**Your instructions:** Nothing but the lines from the one with "using coeffs(3) \<open>n" down to the one with "by cases (use" should be returned, exactly and with both ends included, from the material below.

**Information provided:**

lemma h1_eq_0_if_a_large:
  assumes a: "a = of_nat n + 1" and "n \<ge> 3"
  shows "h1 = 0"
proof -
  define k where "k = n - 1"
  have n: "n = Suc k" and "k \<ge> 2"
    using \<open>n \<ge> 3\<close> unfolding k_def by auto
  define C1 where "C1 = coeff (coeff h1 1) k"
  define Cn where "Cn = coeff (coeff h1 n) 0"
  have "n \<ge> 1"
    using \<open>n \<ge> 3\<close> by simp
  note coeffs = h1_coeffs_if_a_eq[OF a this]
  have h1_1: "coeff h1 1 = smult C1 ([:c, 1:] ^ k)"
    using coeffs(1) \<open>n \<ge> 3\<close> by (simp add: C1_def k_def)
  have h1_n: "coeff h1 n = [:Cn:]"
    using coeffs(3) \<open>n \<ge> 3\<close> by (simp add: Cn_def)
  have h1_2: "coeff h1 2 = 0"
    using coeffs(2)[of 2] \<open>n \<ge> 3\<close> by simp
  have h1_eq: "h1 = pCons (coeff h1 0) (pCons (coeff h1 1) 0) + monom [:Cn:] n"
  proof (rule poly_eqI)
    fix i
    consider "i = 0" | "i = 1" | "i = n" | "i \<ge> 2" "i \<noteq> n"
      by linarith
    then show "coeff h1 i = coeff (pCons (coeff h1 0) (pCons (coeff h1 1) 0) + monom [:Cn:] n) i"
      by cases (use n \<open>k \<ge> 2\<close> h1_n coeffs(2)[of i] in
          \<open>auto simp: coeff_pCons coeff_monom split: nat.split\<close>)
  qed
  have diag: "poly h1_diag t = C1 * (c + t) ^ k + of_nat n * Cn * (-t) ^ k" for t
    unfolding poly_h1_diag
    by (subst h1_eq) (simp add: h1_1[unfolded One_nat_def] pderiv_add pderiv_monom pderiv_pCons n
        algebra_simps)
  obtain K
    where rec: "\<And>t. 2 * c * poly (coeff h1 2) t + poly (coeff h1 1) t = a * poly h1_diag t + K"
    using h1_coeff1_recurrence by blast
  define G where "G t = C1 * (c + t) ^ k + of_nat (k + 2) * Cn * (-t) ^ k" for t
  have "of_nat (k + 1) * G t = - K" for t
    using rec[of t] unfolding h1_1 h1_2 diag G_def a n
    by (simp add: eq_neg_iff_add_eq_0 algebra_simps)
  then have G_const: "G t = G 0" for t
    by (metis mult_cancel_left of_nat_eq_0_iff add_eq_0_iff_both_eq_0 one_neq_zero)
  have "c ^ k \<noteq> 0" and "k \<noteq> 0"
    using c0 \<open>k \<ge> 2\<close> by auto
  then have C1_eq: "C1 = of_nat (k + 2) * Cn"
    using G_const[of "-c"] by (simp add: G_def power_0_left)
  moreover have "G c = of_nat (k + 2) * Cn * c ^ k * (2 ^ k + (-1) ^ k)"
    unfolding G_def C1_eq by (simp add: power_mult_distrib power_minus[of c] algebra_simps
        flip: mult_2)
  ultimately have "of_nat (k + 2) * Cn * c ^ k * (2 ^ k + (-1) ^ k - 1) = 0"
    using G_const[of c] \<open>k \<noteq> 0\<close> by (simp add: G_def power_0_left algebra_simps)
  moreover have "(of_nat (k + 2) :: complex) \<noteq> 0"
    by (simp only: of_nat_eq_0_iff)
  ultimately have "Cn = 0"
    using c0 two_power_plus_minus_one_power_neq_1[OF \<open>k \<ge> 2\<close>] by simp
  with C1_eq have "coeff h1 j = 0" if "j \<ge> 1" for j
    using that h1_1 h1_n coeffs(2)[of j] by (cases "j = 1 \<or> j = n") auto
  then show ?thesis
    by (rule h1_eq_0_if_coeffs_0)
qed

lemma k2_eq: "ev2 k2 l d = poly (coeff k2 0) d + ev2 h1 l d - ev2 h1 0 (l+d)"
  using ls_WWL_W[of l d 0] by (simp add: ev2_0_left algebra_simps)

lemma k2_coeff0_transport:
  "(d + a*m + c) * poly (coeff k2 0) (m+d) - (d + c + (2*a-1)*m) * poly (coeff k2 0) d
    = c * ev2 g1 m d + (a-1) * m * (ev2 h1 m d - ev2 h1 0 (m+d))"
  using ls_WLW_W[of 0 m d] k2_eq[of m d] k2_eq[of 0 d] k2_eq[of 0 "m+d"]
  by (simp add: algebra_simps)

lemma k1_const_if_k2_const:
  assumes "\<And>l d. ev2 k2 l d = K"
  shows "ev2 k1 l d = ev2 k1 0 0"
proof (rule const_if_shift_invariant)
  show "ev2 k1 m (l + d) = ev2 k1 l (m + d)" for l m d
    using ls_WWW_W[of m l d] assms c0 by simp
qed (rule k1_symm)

**Task result:**
    using coeffs(3) \<open>n \<ge> 3\<close> by (simp add: Cn_def)
  have h1_2: "coeff h1 2 = 0"
    using coeffs(2)[of 2] \<open>n \<ge> 3\<close> by simp
  have h1_eq: "h1 = pCons (coeff h1 0) (pCons (coeff h1 1) 0) + monom [:Cn:] n"
  proof (rule poly_eqI)
    fix i
    consider "i = 0" | "i = 1" | "i = n" | "i \<ge> 2" "i \<noteq> n"
      by linarith
    then show "coeff h1 i = coeff (pCons (coeff h1 0) (pCons (coeff h1 1) 0) + monom [:Cn:] n) i"
      by cases (use n \<open>k \<ge> 2\<close> h1_n coeffs(2)[of i] in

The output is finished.